- [Saved data entries]:
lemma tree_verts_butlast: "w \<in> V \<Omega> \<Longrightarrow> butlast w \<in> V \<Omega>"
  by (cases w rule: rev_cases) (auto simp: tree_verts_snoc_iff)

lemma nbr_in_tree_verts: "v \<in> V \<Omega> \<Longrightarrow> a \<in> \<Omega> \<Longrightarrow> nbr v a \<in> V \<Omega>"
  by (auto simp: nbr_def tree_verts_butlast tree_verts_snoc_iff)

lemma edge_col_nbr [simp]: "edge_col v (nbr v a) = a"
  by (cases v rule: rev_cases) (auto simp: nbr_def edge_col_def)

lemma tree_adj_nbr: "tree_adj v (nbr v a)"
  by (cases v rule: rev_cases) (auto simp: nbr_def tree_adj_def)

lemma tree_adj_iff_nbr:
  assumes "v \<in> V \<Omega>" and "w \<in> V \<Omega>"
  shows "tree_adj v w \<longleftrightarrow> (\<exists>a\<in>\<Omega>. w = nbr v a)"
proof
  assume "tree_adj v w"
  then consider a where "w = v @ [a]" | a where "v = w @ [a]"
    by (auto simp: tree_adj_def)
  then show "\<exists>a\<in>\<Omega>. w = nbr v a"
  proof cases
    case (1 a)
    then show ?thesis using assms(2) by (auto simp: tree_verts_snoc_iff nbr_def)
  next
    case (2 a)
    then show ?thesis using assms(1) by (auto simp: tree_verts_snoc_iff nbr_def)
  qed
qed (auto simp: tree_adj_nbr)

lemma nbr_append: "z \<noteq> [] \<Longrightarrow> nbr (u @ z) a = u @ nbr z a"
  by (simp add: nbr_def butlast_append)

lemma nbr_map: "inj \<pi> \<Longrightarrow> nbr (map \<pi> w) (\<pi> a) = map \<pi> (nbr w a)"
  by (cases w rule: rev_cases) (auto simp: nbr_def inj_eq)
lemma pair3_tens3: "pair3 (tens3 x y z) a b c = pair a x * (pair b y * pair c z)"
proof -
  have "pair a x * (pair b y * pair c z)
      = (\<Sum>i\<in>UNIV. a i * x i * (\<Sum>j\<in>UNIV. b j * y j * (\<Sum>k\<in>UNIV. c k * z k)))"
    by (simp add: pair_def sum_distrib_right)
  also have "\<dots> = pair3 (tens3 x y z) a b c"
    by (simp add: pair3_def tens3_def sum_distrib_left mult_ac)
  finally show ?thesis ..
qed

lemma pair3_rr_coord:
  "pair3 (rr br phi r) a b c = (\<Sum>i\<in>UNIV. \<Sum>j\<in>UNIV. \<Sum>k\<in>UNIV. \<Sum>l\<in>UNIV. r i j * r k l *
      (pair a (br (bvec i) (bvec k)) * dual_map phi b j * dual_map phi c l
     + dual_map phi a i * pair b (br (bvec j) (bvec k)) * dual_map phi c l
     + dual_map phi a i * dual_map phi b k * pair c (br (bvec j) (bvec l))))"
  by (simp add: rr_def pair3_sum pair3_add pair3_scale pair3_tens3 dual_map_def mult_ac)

- [What this task involves]:
Going back to the entries above, set down exactly the lines that begin at the one with "by (cases w rule: rev_cases) (auto simp: nbr_def" and end at the one with "i * dual_map", both included, and nothing else.

- [Solution to the exercise]:
  by (cases w rule: rev_cases) (auto simp: nbr_def inj_eq)
lemma pair3_tens3: "pair3 (tens3 x y z) a b c = pair a x * (pair b y * pair c z)"
proof -
  have "pair a x * (pair b y * pair c z)
      = (\<Sum>i\<in>UNIV. a i * x i * (\<Sum>j\<in>UNIV. b j * y j * (\<Sum>k\<in>UNIV. c k * z k)))"
    by (simp add: pair_def sum_distrib_right)
  also have "\<dots> = pair3 (tens3 x y z) a b c"
    by (simp add: pair3_def tens3_def sum_distrib_left mult_ac)
  finally show ?thesis ..
qed

lemma pair3_rr_coord:
  "pair3 (rr br phi r) a b c = (\<Sum>i\<in>UNIV. \<Sum>j\<in>UNIV. \<Sum>k\<in>UNIV. \<Sum>l\<in>UNIV. r i j * r k l *
      (pair a (br (bvec i) (bvec k)) * dual_map phi b j * dual_map phi c l
     + dual_map phi a i * pair b (br (bvec j) (bvec k)) * dual_map phi c l
     + dual_map phi a i * dual_map phi b k * pair c (br (bvec j) (bvec l))))"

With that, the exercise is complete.